Segment Start: LISTED ENTRIES

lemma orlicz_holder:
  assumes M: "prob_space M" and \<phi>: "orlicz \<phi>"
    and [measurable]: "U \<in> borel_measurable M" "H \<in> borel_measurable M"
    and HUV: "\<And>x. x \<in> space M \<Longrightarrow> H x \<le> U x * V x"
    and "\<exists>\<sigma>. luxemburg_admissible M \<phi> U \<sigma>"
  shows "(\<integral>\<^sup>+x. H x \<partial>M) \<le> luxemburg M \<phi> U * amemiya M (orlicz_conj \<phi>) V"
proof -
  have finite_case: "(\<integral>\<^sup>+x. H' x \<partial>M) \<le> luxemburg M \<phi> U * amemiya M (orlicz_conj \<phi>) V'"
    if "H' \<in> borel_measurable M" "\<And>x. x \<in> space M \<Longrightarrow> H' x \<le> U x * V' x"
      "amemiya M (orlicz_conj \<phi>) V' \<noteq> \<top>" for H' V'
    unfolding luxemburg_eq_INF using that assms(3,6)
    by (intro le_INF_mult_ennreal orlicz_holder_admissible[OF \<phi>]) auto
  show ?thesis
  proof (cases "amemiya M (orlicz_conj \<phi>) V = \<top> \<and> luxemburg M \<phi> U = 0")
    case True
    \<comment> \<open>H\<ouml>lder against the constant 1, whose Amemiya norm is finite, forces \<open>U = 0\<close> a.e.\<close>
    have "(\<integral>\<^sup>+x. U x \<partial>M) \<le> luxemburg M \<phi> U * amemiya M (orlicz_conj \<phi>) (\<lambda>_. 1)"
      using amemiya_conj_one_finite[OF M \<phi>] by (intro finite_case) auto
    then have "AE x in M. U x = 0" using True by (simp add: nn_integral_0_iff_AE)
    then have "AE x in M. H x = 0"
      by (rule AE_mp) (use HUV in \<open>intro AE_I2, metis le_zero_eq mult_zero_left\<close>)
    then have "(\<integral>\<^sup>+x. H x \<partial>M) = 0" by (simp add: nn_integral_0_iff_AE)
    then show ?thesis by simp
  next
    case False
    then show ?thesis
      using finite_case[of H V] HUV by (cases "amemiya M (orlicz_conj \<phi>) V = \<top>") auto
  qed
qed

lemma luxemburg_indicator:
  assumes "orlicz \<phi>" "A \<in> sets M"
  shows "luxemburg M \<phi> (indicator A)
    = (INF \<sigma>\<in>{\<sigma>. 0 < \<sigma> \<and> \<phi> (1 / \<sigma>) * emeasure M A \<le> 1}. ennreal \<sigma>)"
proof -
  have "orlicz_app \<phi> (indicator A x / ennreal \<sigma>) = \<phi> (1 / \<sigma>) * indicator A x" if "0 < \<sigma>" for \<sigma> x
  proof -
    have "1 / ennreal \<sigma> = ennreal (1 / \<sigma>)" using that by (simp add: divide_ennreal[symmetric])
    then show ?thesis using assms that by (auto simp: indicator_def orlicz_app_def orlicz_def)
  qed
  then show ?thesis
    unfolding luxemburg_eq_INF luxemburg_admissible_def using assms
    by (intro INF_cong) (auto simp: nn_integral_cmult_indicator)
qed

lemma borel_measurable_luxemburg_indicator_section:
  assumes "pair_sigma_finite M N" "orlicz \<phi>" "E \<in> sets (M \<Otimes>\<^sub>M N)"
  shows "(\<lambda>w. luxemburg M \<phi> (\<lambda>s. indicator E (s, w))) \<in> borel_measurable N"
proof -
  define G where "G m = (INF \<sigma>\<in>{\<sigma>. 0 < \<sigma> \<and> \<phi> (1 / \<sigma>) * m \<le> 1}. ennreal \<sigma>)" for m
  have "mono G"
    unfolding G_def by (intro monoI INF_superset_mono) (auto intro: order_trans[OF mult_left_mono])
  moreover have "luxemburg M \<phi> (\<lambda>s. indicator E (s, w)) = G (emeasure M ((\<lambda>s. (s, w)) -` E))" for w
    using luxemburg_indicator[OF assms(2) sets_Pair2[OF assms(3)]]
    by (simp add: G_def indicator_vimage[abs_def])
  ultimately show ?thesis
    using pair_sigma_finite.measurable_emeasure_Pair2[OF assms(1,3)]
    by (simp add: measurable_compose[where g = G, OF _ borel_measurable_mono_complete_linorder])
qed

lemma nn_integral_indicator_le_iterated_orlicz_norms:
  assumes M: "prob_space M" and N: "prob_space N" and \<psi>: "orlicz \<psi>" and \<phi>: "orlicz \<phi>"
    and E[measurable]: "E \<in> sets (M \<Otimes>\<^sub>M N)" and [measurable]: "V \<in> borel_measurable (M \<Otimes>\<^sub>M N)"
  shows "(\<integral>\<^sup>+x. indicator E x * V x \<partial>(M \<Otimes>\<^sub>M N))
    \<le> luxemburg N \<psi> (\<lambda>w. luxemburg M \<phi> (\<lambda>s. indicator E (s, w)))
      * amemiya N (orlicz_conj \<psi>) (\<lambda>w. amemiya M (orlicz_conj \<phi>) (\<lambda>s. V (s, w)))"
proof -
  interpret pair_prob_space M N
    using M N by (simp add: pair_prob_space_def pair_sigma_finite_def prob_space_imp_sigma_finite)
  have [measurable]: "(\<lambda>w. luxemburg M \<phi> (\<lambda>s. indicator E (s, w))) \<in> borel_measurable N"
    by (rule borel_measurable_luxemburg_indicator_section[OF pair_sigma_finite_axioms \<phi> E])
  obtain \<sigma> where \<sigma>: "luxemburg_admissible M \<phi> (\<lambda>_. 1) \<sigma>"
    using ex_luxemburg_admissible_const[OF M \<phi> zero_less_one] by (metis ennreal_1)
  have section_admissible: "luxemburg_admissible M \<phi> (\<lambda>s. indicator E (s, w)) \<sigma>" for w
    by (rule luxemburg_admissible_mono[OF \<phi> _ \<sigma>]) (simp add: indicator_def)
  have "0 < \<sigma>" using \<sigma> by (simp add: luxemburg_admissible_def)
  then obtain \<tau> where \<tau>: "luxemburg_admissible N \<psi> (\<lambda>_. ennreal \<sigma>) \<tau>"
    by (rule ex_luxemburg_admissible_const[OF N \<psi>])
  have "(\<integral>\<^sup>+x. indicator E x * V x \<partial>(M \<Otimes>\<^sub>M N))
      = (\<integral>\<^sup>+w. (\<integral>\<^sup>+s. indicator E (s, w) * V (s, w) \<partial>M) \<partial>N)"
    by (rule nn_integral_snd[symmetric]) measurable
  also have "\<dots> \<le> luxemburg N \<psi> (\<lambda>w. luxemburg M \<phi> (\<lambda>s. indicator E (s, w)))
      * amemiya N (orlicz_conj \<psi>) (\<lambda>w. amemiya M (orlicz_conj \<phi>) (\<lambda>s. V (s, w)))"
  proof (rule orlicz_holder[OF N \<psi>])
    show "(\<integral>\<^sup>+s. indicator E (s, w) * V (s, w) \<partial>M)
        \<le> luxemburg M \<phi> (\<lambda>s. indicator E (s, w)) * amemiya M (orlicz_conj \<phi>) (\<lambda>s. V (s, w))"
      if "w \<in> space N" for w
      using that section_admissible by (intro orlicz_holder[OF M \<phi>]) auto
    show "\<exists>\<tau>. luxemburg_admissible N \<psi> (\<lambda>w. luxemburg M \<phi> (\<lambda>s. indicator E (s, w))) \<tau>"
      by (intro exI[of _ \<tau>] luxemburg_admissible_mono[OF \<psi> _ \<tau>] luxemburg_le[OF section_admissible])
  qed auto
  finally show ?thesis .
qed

Segment End: LISTED ENTRIES

### REQUIRED ACTION
Print out the complete data above, character for character.

### RESPONSE TO THE EXERCISE
lemma orlicz_holder:
  assumes M: "prob_space M" and \<phi>: "orlicz \<phi>"
    and [measurable]: "U \<in> borel_measurable M" "H \<in> borel_measurable M"
    and HUV: "\<And>x. x \<in> space M \<Longrightarrow> H x \<le> U x * V x"
    and "\<exists>\<sigma>. luxemburg_admissible M \<phi> U \<sigma>"
  shows "(\<integral>\<^sup>+x. H x \<partial>M) \<le> luxemburg M \<phi> U * amemiya M (orlicz_conj \<phi>) V"
proof -
  have finite_case: "(\<integral>\<^sup>+x. H' x \<partial>M) \<le> luxemburg M \<phi> U * amemiya M (orlicz_conj \<phi>) V'"
    if "H' \<in> borel_measurable M" "\<And>x. x \<in> space M \<Longrightarrow> H' x \<le> U x * V' x"
      "amemiya M (orlicz_conj \<phi>) V' \<noteq> \<top>" for H' V'
    unfolding luxemburg_eq_INF using that assms(3,6)
    by (intro le_INF_mult_ennreal orlicz_holder_admissible[OF \<phi>]) auto
  show ?thesis
  proof (cases "amemiya M (orlicz_conj \<phi>) V = \<top> \<and> luxemburg M \<phi> U = 0")
    case True
    \<comment> \<open>H\<ouml>lder against the constant 1, whose Amemiya norm is finite, forces \<open>U = 0\<close> a.e.\<close>
    have "(\<integral>\<^sup>+x. U x \<partial>M) \<le> luxemburg M \<phi> U * amemiya M (orlicz_conj \<phi>) (\<lambda>_. 1)"
      using amemiya_conj_one_finite[OF M \<phi>] by (intro finite_case) auto
    then have "AE x in M. U x = 0" using True by (simp add: nn_integral_0_iff_AE)
    then have "AE x in M. H x = 0"
      by (rule AE_mp) (use HUV in \<open>intro AE_I2, metis le_zero_eq mult_zero_left\<close>)
    then have "(\<integral>\<^sup>+x. H x \<partial>M) = 0" by (simp add: nn_integral_0_iff_AE)
    then show ?thesis by simp
  next
    case False
    then show ?thesis
      using finite_case[of H V] HUV by (cases "amemiya M (orlicz_conj \<phi>) V = \<top>") auto
  qed
qed

lemma luxemburg_indicator:
  assumes "orlicz \<phi>" "A \<in> sets M"
  shows "luxemburg M \<phi> (indicator A)
    = (INF \<sigma>\<in>{\<sigma>. 0 < \<sigma> \<and> \<phi> (1 / \<sigma>) * emeasure M A \<le> 1}. ennreal \<sigma>)"
proof -
  have "orlicz_app \<phi> (indicator A x / ennreal \<sigma>) = \<phi> (1 / \<sigma>) * indicator A x" if "0 < \<sigma>" for \<sigma> x
  proof -
    have "1 / ennreal \<sigma> = ennreal (1 / \<sigma>)" using that by (simp add: divide_ennreal[symmetric])
    then show ?thesis using assms that by (auto simp: indicator_def orlicz_app_def orlicz_def)
  qed
  then show ?thesis
    unfolding luxemburg_eq_INF luxemburg_admissible_def using assms
    by (intro INF_cong) (auto simp: nn_integral_cmult_indicator)
qed

lemma borel_measurable_luxemburg_indicator_section:
  assumes "pair_sigma_finite M N" "orlicz \<phi>" "E \<in> sets (M \<Otimes>\<^sub>M N)"
  shows "(\<lambda>w. luxemburg M \<phi> (\<lambda>s. indicator E (s, w))) \<in> borel_measurable N"
proof -
  define G where "G m = (INF \<sigma>\<in>{\<sigma>. 0 < \<sigma> \<and> \<phi> (1 / \<sigma>) * m \<le> 1}. ennreal \<sigma>)" for m
  have "mono G"
    unfolding G_def by (intro monoI INF_superset_mono) (auto intro: order_trans[OF mult_left_mono])
  moreover have "luxemburg M \<phi> (\<lambda>s. indicator E (s, w)) = G (emeasure M ((\<lambda>s. (s, w)) -` E))" for w
    using luxemburg_indicator[OF assms(2) sets_Pair2[OF assms(3)]]
    by (simp add: G_def indicator_vimage[abs_def])
  ultimately show ?thesis
    using pair_sigma_finite.measurable_emeasure_Pair2[OF assms(1,3)]
    by (simp add: measurable_compose[where g = G, OF _ borel_measurable_mono_complete_linorder])
qed

lemma nn_integral_indicator_le_iterated_orlicz_norms:
  assumes M: "prob_space M" and N: "prob_space N" and \<psi>: "orlicz \<psi>" and \<phi>: "orlicz \<phi>"
    and E[measurable]: "E \<in> sets (M \<Otimes>\<^sub>M N)" and [measurable]: "V \<in> borel_measurable (M \<Otimes>\<^sub>M N)"
  shows "(\<integral>\<^sup>+x. indicator E x * V x \<partial>(M \<Otimes>\<^sub>M N))
    \<le> luxemburg N \<psi> (\<lambda>w. luxemburg M \<phi> (\<lambda>s. indicator E (s, w)))
      * amemiya N (orlicz_conj \<psi>) (\<lambda>w. amemiya M (orlicz_conj \<phi>) (\<lambda>s. V (s, w)))"
proof -
  interpret pair_prob_space M N
    using M N by (simp add: pair_prob_space_def pair_sigma_finite_def prob_space_imp_sigma_finite)
  have [measurable]: "(\<lambda>w. luxemburg M \<phi> (\<lambda>s. indicator E (s, w))) \<in> borel_measurable N"
    by (rule borel_measurable_luxemburg_indicator_section[OF pair_sigma_finite_axioms \<phi> E])
  obtain \<sigma> where \<sigma>: "luxemburg_admissible M \<phi> (\<lambda>_. 1) \<sigma>"
    using ex_luxemburg_admissible_const[OF M \<phi> zero_less_one] by (metis ennreal_1)
  have section_admissible: "luxemburg_admissible M \<phi> (\<lambda>s. indicator E (s, w)) \<sigma>" for w
    by (rule luxemburg_admissible_mono[OF \<phi> _ \<sigma>]) (simp add: indicator_def)
  have "0 < \<sigma>" using \<sigma> by (simp add: luxemburg_admissible_def)
  then obtain \<tau> where \<tau>: "luxemburg_admissible N \<psi> (\<lambda>_. ennreal \<sigma>) \<tau>"
    by (rule ex_luxemburg_admissible_const[OF N \<psi>])
  have "(\<integral>\<^sup>+x. indicator E x * V x \<partial>(M \<Otimes>\<^sub>M N))
      = (\<integral>\<^sup>+w. (\<integral>\<^sup>+s. indicator E (s, w) * V (s, w) \<partial>M) \<partial>N)"
    by (rule nn_integral_snd[symmetric]) measurable
  also have "\<dots> \<le> luxemburg N \<psi> (\<lambda>w. luxemburg M \<phi> (\<lambda>s. indicator E (s, w)))
      * amemiya N (orlicz_conj \<psi>) (\<lambda>w. amemiya M (orlicz_conj \<phi>) (\<lambda>s. V (s, w)))"
  proof (rule orlicz_holder[OF N \<psi>])
    show "(\<integral>\<^sup>+s. indicator E (s, w) * V (s, w) \<partial>M)
        \<le> luxemburg M \<phi> (\<lambda>s. indicator E (s, w)) * amemiya M (orlicz_conj \<phi>) (\<lambda>s. V (s, w))"
      if "w \<in> space N" for w
      using that section_admissible by (intro orlicz_holder[OF M \<phi>]) auto
    show "\<exists>\<tau>. luxemburg_admissible N \<psi> (\<lambda>w. luxemburg M \<phi> (\<lambda>s. indicator E (s, w))) \<tau>"
      by (intro exI[of _ \<tau>] luxemburg_admissible_mono[OF \<psi> _ \<tau>] luxemburg_le[OF section_admissible])
  qed auto
  finally show ?thesis .
qed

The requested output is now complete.